You'll notice that installing these packages changes the toch package and installs a bunch of CUDA libraries even though both already exist.
As you learned with our efficient builds, this greatly increases the size of the container layers while also potentially breaking any applications linked against these libaries and the "known working state".
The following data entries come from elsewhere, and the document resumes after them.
(* Let $i_N=(\pi_N,\varphi_N):\mathcal M(N,K)\to L^-\mathrm{GL}_K\times L^-\mathrm{GL}_1$. Then $\bigcup_N i_N(\mathcal M(N,K))$ is Zariski-dense in $L^-\mathrm{GL}_K\times L^-\mathrm{GL}_1$.
   Context: $\mathcal M(N,K)=\mathrm{Rep}(N,K)/\!/\mathrm{GL}_N$, $\mathrm{Rep}(N,K)$ being triples $(B,\psi,\overline\psi)$ with $B\in\mathrm{Mat}_{N\times N}(\mathbb C)$, $\psi\in\mathrm{Mat}_{N\times K}$, $\overline\psi\in\mathrm{Mat}_{K\times N}$, and $g\cdot(B,\psi,\overline\psi)=(gBg^{-1},g\psi,\overline\psi g^{-1})$. $\widetilde B=B+\psi\overline\psi$. $L^-\mathrm{GL}_K$ is the group scheme of power series $1+\sum_{i\ge1}g_iz^{-i}$, $g_i\in\mathfrak{gl}_K$ (an infinite-dimensional affine space), similarly $L^-\mathrm{GL}_1$ for $K=1$. $\pi_N(B,\psi,\overline\psi)=1+\overline\psi(z-\widetilde B/2)^{-1}\psi$ (expanded in $z^{-1}$), and $\varphi_N(B,\psi,\overline\psi)=z^{-N}\det(z-\widetilde B)$. The maps $i_N$ are closed embeddings compatible with the embeddings $\mathcal M(N,K)\to\mathcal M(N',K)$, $(B,\psi,\overline\psi)\mapsto(\mathrm{diag}(B,0),\binom{\psi}{0},(\overline\psi\ 0))$ for $N<N'$. *)

theory Defs
  imports Complex_Main "Jordan_Normal_Form.Char_Poly"
begin

text \<open>Coordinates of the infinite-dimensional affine space L^-GL_K x L^-GL_1:
  GC i a b is the (a,b) entry of g_i (coefficient of z^(-i)), i >= 1, a,b < K;
  HC i is the coefficient of z^(-i) of the scalar series, i >= 1.\<close>
datatype coord = GC nat nat nat | HC nat

definition coords :: "nat \<Rightarrow> coord set" where
  "coords K = {GC i a b | i a b. 1 \<le> i \<and> a < K \<and> b < K} \<union> {HC i | i. 1 \<le> i}"

definition loop_space :: "nat \<Rightarrow> (coord \<Rightarrow> complex) set" where
  "loop_space K = {p. \<forall>v. v \<notin> coords K \<longrightarrow> p v = 0}"

inductive_set poly_fun :: "coord set \<Rightarrow> ((coord \<Rightarrow> complex) \<Rightarrow> complex) set"
  for V :: "coord set" where
  pconst: "(\<lambda>p. c) \<in> poly_fun V"
| pvar: "v \<in> V \<Longrightarrow> (\<lambda>p. p v) \<in> poly_fun V"
| padd: "f \<in> poly_fun V \<Longrightarrow> g \<in> poly_fun V \<Longrightarrow> (\<lambda>p. f p + g p) \<in> poly_fun V"
| pmult: "f \<in> poly_fun V \<Longrightarrow> g \<in> poly_fun V \<Longrightarrow> (\<lambda>p. f p * g p) \<in> poly_fun V"

definition zariski_dense :: "nat \<Rightarrow> (coord \<Rightarrow> complex) set \<Rightarrow> bool" where
  "zariski_dense K S \<longleftrightarrow> S \<subseteq> loop_space K \<and>
     (\<forall>f \<in> poly_fun (coords K). (\<forall>p\<in>S. f p = 0) \<longrightarrow> (\<forall>p\<in>loop_space K. f p = 0))"

definition Rep :: "nat \<Rightarrow> nat \<Rightarrow> (complex mat \<times> complex mat \<times> complex mat) set" where
  "Rep N K = {(B, psi, psib). B \<in> carrier_mat N N \<and> psi \<in> carrier_mat N K \<and> psib \<in> carrier_mat K N}"

definition Btilde :: "complex mat \<Rightarrow> complex mat \<Rightarrow> complex mat \<Rightarrow> complex mat" where
  "Btilde B psi psib = B + psi * psib"

text \<open>pi_N = 1 + psib (z - Bt/2)^(-1) psi = 1 + sum_{i>=1} psib (Bt/2)^(i-1) psi z^(-i);
  phi_N = z^(-N) det(z - Bt) = sum_{i=0}^N (coeff of z^(N-i) in charpoly Bt) z^(-i).
  i_map K N gives the coordinates of i_N(B,psi,psib).\<close>
definition i_map :: "nat \<Rightarrow> nat \<Rightarrow> complex mat \<Rightarrow> complex mat \<Rightarrow> complex mat \<Rightarrow> coord \<Rightarrow> complex" where
  "i_map K N B psi psib v = (case v of
     GC i a b \<Rightarrow> (if 1 \<le> i \<and> a < K \<and> b < K then
        (psib * (((1/2) ^ (i - 1)) \<cdot>\<^sub>m (Btilde B psi psib ^\<^sub>m (i - 1))) * psi) $$ (a, b) else 0)
   | HC i \<Rightarrow> (if 1 \<le> i \<and> i \<le> N then coeff (char_poly (Btilde B psi psib)) (N - i) else 0))"

end

theory Submission imports Defs begin

text \<open>A regular function depends on finitely many coordinates, so it suffices to show that
  every truncation (g_1, ..., g_M; h_1, ..., h_M) of a point of the loop space is attained by
  some i_N. Take N = KM + M and let Btilde be twice the shift by K on the first KM coordinates,
  followed by the diagonal block diag(a_1, ..., a_M), where the a_j are the roots of
  z^M + h_1 z^(M-1) + ... + h_M. With psib = (I_K 0) and psi the column of blocks g_1, ..., g_M,
  the product psib (Btilde/2)^k psi reads off the block g_(k+1), while
  det(z - Btilde) = z^(KM) (z - a_1) ... (z - a_M) has the prescribed coefficients h_i.
  Finally B = Btilde - psi psib.\<close>

lemma sum_single_support:
  assumes "finite S" "\<And>j. j \<in> S \<Longrightarrow> j \<noteq> i \<Longrightarrow> f j = 0"
  shows "sum f S = (if i \<in> S then f i else 0)"
  using assms by (cases "i \<in> S") (auto simp: sum.remove[of S i] intro!: sum.neutral)

definition depends_only_on :: "'a set \<Rightarrow> (('a \<Rightarrow> 'b) \<Rightarrow> 'c) \<Rightarrow> bool" where
  "depends_only_on F f \<longleftrightarrow> (\<forall>p q. (\<forall>v\<in>F. p v = q v) \<longrightarrow> f p = f q)"

lemma depends_only_on_mono: "depends_only_on F f \<Longrightarrow> F \<subseteq> G \<Longrightarrow> depends_only_on G f"
  unfolding depends_only_on_def by (meson subsetD)

lemma depends_only_on_binop:
  "depends_only_on F f \<Longrightarrow> depends_only_on F g \<Longrightarrow> depends_only_on F (\<lambda>p. h (f p) (g p))"
  unfolding depends_only_on_def by metis

lemma poly_fun_finite_support:
  assumes "f \<in> poly_fun V"
  obtains F where "finite F" "F \<subseteq> V" "depends_only_on F f"
proof -
  have "\<exists>F. finite F \<and> F \<subseteq> V \<and> depends_only_on F f"
    using assms
  proof (induction rule: poly_fun.induct)
    case (pconst c)
    show ?case by (auto simp: depends_only_on_def)
  next
    case (pvar v)
    then show ?case by (intro exI[of _ "{v}"]) (auto simp: depends_only_on_def)
  next
    case (padd f g)
    then obtain F G where "finite F" "F \<subseteq> V" "depends_only_on F f" "finite G" "G \<subseteq> V" "depends_only_on G g"
      by blast
    then show ?case
      by (intro exI[of _ "F \<union> G"]) (auto intro: depends_only_on_binop depends_only_on_mono)
  next
    case (pmult f g)
    then obtain F G where "finite F" "F \<subseteq> V" "depends_only_on F f" "finite G" "G \<subseteq> V" "depends_only_on G g"
      by blast
    then show ?case
      by (intro exI[of _ "F \<union> G"]) (auto intro: depends_only_on_binop depends_only_on_mono)
  qed
  with that show ?thesis by blast
qed

lemma zariski_dense_if_interpolating:
  assumes "S \<subseteq> loop_space K"
    and "\<And>F p. finite F \<Longrightarrow> p \<in> loop_space K \<Longrightarrow> \<exists>q\<in>S. \<forall>v\<in>F. q v = p v"
  shows "zariski_dense K S"
  unfolding zariski_dense_def
proof (intro conjI ballI impI assms(1))
  fix f p
  assume f: "f \<in> poly_fun (coords K)" and vanish: "\<forall>q\<in>S. f q = 0" and p: "p \<in> loop_space K"
  obtain F where "finite F" and support: "depends_only_on F f"
    using poly_fun_finite_support[OF f] by blast
  then obtain q where "q \<in> S" "\<forall>v\<in>F. q v = p v" using assms(2) p by blast
  then have "f p = f q" using support by (simp add: depends_only_on_def)
  with \<open>q \<in> S\<close> vanish show "f p = 0" by simp
qed

lemma split_monic_poly_with_lower_coeffs:
  fixes c :: "nat \<Rightarrow> complex"
  obtains as where "length as = M" "\<And>j. j < M \<Longrightarrow> coeff (\<Prod>a\<leftarrow>as. [:- a, 1:]) j = c j"
proof -
  define q where "q = monom 1 M + (\<Sum>j<M. monom (c j) j)"
  have coeff_q: "coeff q j = (if j = M then 1 else 0) + (if j < M then c j else 0)" for j
    by (simp add: q_def coeff_sum coeff_monom)
  have "degree q = M"
    by (intro antisym degree_le le_degree) (auto simp: coeff_q)
  moreover obtain as where "Polynomial.smult (coeff q (degree q)) (\<Prod>a\<leftarrow>as. [:- a, 1:]) = q" "length as = degree q"
    using fundamental_theorem_algebra_factorized by blast
  ultimately show ?thesis
    using that[of as] by (simp add: coeff_q)
qed

definition shift_block_mat :: "nat \<Rightarrow> nat \<Rightarrow> nat \<Rightarrow> complex list \<Rightarrow> complex mat" where
  "shift_block_mat N K L as = mat N N (\<lambda>(r, c).
     if r < L then (if c = r + K \<and> c < L then 2 else 0)
     else if c = r then as ! (r - L) else 0)"

lemma shift_block_mat_carrier [simp]: "shift_block_mat N K L as \<in> carrier_mat N N"
  by (simp add: shift_block_mat_def)

lemma shift_block_mat_pow_index:
  assumes "L \<le> N" "r < L" "c < N"
  shows "(shift_block_mat N K L as ^\<^sub>m k) $$ (r, c) = (if c = r + k * K \<and> c < L then 2 ^ k else 0)"
  using assms(3)
proof (induction k arbitrary: c)
  case 0
  then show ?case using assms by (simp add: shift_block_mat_def)
next
  case (Suc k)
  let ?A = "shift_block_mat N K L as"
  have "(?A ^\<^sub>m Suc k) $$ (r, c) = (\<Sum>j\<in>{..<N}. (?A ^\<^sub>m k) $$ (r, j) * ?A $$ (j, c))"
    using Suc.prems assms by (simp add: index_mult_mat scalar_prod_def lessThan_atLeast0
        carrier_matD[OF shift_block_mat_carrier])
  also have "\<dots> = (if r + k * K < L then 2 ^ k * ?A $$ (r + k * K, c) else 0)"
    by (subst sum_single_support[where i = "r + k * K"]) (use Suc.IH assms in auto)
  also have "\<dots> = (if c = r + Suc k * K \<and> c < L then 2 ^ Suc k else 0)"
    using Suc.prems assms by (auto simp: shift_block_mat_def)
  finally show ?case .
qed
Lets exit this container create a fresh overlay.

.. code-block:: shell

    # Be sure to exit your interactive container session
    exit

Luckily, you can lock the versions by creating a package `constraints file <https://pip.pypa.io/en/stable/user_guide/#constraints-files>`_, which has the same format as a requirements file.

.. tabs::

    .. group-tab:: Apptainer

        .. literalinclude:: assets/pip-constraints_apptainer.sh
            :language: shell
            :caption: :download:`pip-constraints_apptainer.sh <assets/pip-constraints_apptainer.sh>`

    .. group-tab:: Docker
    
        .. literalinclude:: assets/pip-constraints_docker.sh
            :caption: :download:`pip-constraints_docker.sh <assets/pip-constraints_docker.sh>`

This install should now fail because the pre-built torchaudio wheels can't be installed with the NVIDIA patched versions of torch.

.. note::

    If you actually want to install torchaudio into the Pytorch NGC container, take a look at `this recipe <https://github.com/NVIDIA/NeMo/blob/main/scripts/installers/install_torchaudio_latest.sh#L97>`_.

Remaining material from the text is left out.